● Collected data
= = = = =
lemma card_Zgk_two_diff_mod_eq:
  assumes "((i, j), a) \<in> coords g k" "((m, n), b) \<in> coords g k"
  shows "card {x \<in> Zgk g k. diff_mod g x i j = int a \<and> diff_mod g x m n = int b}
       = (if (i, j) = (m, n) then if a = b then g ^ (k - 1) else 0 else g ^ (k - 2))"
proof (cases "(i, j) = (m, n)")
  case True
  then have "{x \<in> Zgk g k. diff_mod g x i j = int a \<and> diff_mod g x m n = int b}
      = (if a = b then {x \<in> Zgk g k. diff_mod g x i j = int a} else {})"
    by auto
  with True show ?thesis using card_Zgk_diff_mod_eq[OF assms(1)] by auto
next
  case False
  note ija = coordsD[OF assms(1)] and mnb = coordsD[OF assms(2)]
  with False have "{i, j} \<noteq> {m, n}" by (auto simp: doubleton_eq_iff)
  then show ?thesis
    unfolding Zgk_def using False ija mnb by (subst card_PiE_two_diff_mod_eq) auto
qed

lemma abs_Zvec_le_one: "g \<ge> 2 \<Longrightarrow> \<bar>Zvec g k x c\<bar> \<le> 1"
  by (auto simp: Zvec_def split: prod.splits)

lemma sum_Zvec_eq_0:
  assumes "g \<ge> 2" "c \<in> coords g k"
  shows "(\<Sum>x\<in>Zgk g k. Zvec g k x c) = 0"
proof -
  obtain i j a where c: "c = ((i, j), a)" by (metis prod.collapse)
  have k: "real g ^ k = real g ^ (k - 1) * real g"
    using coordsD(5)[OF assms(2)[unfolded c]] by (cases k) (auto simp: mult.commute)
  have "(\<Sum>x\<in>Zgk g k. Zvec g k x c)
      = real (card {x \<in> Zgk g k. diff_mod g x i j = int a}) - real g ^ k / real g"
    using assms c by (simp add: Zvec_eq sum_subtractf finite_Zgk card_Zgk Int_def)
  also have "\<dots> = 0"
    using assms c by (simp add: card_Zgk_diff_mod_eq k)
  finally show ?thesis .
qed

lemma sum_Zvec_mult_Zvec:
  assumes "g \<ge> 2" "c \<in> coords g k" "c' \<in> coords g k"
  shows "(\<Sum>x\<in>Zgk g k. Zvec g k x c * Zvec g k x c') = real g ^ k * Mmat g c c'"
proof -
  obtain i j a where c: "c = ((i, j), a)" by (metis prod.collapse)
  obtain m n b where c': "c' = ((m, n), b)" by (metis prod.collapse)
  have k: "2 \<le> k" using coordsD(5)[OF assms(2)[unfolded c]] .
  define P where "P x \<longleftrightarrow> diff_mod g x i j = int a" for x
  define Q where "Q x \<longleftrightarrow> diff_mod g x m n = int b" for x
  define N where "N R = real (card {x \<in> Zgk g k. R x})" for R
  define G where "G = real g ^ k"
  have g: "real g > 0" using assms(1) by simp
  have G1: "real g ^ (k - 1) = G / real g"
    using power_diff[of "real g" 1 k] k g by (simp add: G_def)
  have G2: "real g ^ (k - 2) = G / real g ^ 2"
    using power_diff[of "real g" 2 k] k g by (simp add: G_def)
  have NP: "N P = G / real g" and NQ: "N Q = G / real g"
    unfolding N_def P_def Q_def
    using card_Zgk_diff_mod_eq[OF assms(2)[unfolded c]] card_Zgk_diff_mod_eq[OF assms(3)[unfolded c']] G1
    by simp_all
  have NPQ: "N (\<lambda>x. P x \<and> Q x) = G * (if (i, j) = (m, n) then if a = b then 1 / real g else 0 else 1 / real g ^ 2)"
    unfolding N_def P_def Q_def card_Zgk_two_diff_mod_eq[OF assms(2,3)[unfolded c c']]
    by (simp add: G1 G2 del: One_nat_def)
  have "(\<Sum>x\<in>Zgk g k. Zvec g k x c * Zvec g k x c')
      = (\<Sum>x\<in>Zgk g k. of_bool (P x \<and> Q x) - of_bool (P x) / real g - of_bool (Q x) / real g + 1 / real g ^ 2)"
    using assms c c' by (intro sum.cong refl) (simp add: Zvec_eq P_def Q_def power2_eq_square field_simps)
  also have "\<dots> = N (\<lambda>x. P x \<and> Q x) - N P / real g - N Q / real g + G / real g ^ 2"
    by (simp add: N_def G_def sum.distrib sum_subtractf sum_divide_distrib[symmetric] finite_Zgk card_Zgk Int_def)
  also have "\<dots> = G * Mmat g c c'"
    using c c' g unfolding NP NQ NPQ by (auto simp: Mmat_def field_simps power2_eq_square)
  finally show ?thesis unfolding G_def .
qed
= = = = =
● Your goal
Including any blank lines, repeat the data exactly.

● Solution for this task
lemma card_Zgk_two_diff_mod_eq:
  assumes "((i, j), a) \<in> coords g k" "((m, n), b) \<in> coords g k"
  shows "card {x \<in> Zgk g k. diff_mod g x i j = int a \<and> diff_mod g x m n = int b}
       = (if (i, j) = (m, n) then if a = b then g ^ (k - 1) else 0 else g ^ (k - 2))"
proof (cases "(i, j) = (m, n)")
  case True
  then have "{x \<in> Zgk g k. diff_mod g x i j = int a \<and> diff_mod g x m n = int b}
      = (if a = b then {x \<in> Zgk g k. diff_mod g x i j = int a} else {})"
    by auto
  with True show ?thesis using card_Zgk_diff_mod_eq[OF assms(1)] by auto
next
  case False
  note ija = coordsD[OF assms(1)] and mnb = coordsD[OF assms(2)]
  with False have "{i, j} \<noteq> {m, n}" by (auto simp: doubleton_eq_iff)
  then show ?thesis
    unfolding Zgk_def using False ija mnb by (subst card_PiE_two_diff_mod_eq) auto
qed

lemma abs_Zvec_le_one: "g \<ge> 2 \<Longrightarrow> \<bar>Zvec g k x c\<bar> \<le> 1"
  by (auto simp: Zvec_def split: prod.splits)

lemma sum_Zvec_eq_0:
  assumes "g \<ge> 2" "c \<in> coords g k"
  shows "(\<Sum>x\<in>Zgk g k. Zvec g k x c) = 0"
proof -
  obtain i j a where c: "c = ((i, j), a)" by (metis prod.collapse)
  have k: "real g ^ k = real g ^ (k - 1) * real g"
    using coordsD(5)[OF assms(2)[unfolded c]] by (cases k) (auto simp: mult.commute)
  have "(\<Sum>x\<in>Zgk g k. Zvec g k x c)
      = real (card {x \<in> Zgk g k. diff_mod g x i j = int a}) - real g ^ k / real g"
    using assms c by (simp add: Zvec_eq sum_subtractf finite_Zgk card_Zgk Int_def)
  also have "\<dots> = 0"
    using assms c by (simp add: card_Zgk_diff_mod_eq k)
  finally show ?thesis .
qed

lemma sum_Zvec_mult_Zvec:
  assumes "g \<ge> 2" "c \<in> coords g k" "c' \<in> coords g k"
  shows "(\<Sum>x\<in>Zgk g k. Zvec g k x c * Zvec g k x c') = real g ^ k * Mmat g c c'"
proof -
  obtain i j a where c: "c = ((i, j), a)" by (metis prod.collapse)
  obtain m n b where c': "c' = ((m, n), b)" by (metis prod.collapse)
  have k: "2 \<le> k" using coordsD(5)[OF assms(2)[unfolded c]] .
  define P where "P x \<longleftrightarrow> diff_mod g x i j = int a" for x
  define Q where "Q x \<longleftrightarrow> diff_mod g x m n = int b" for x
  define N where "N R = real (card {x \<in> Zgk g k. R x})" for R
  define G where "G = real g ^ k"
  have g: "real g > 0" using assms(1) by simp
  have G1: "real g ^ (k - 1) = G / real g"
    using power_diff[of "real g" 1 k] k g by (simp add: G_def)
  have G2: "real g ^ (k - 2) = G / real g ^ 2"
    using power_diff[of "real g" 2 k] k g by (simp add: G_def)
  have NP: "N P = G / real g" and NQ: "N Q = G / real g"
    unfolding N_def P_def Q_def
    using card_Zgk_diff_mod_eq[OF assms(2)[unfolded c]] card_Zgk_diff_mod_eq[OF assms(3)[unfolded c']] G1
    by simp_all
  have NPQ: "N (\<lambda>x. P x \<and> Q x) = G * (if (i, j) = (m, n) then if a = b then 1 / real g else 0 else 1 / real g ^ 2)"
    unfolding N_def P_def Q_def card_Zgk_two_diff_mod_eq[OF assms(2,3)[unfolded c c']]
    by (simp add: G1 G2 del: One_nat_def)
  have "(\<Sum>x\<in>Zgk g k. Zvec g k x c * Zvec g k x c')
      = (\<Sum>x\<in>Zgk g k. of_bool (P x \<and> Q x) - of_bool (P x) / real g - of_bool (Q x) / real g + 1 / real g ^ 2)"
    using assms c c' by (intro sum.cong refl) (simp add: Zvec_eq P_def Q_def power2_eq_square field_simps)
  also have "\<dots> = N (\<lambda>x. P x \<and> Q x) - N P / real g - N Q / real g + G / real g ^ 2"
    by (simp add: N_def G_def sum.distrib sum_subtractf sum_divide_distrib[symmetric] finite_Zgk card_Zgk Int_def)
  also have "\<dots> = G * Mmat g c c'"
    using c c' g unfolding NP NQ NPQ by (auto simp: Mmat_def field_simps power2_eq_square)
  finally show ?thesis unfolding G_def .
qed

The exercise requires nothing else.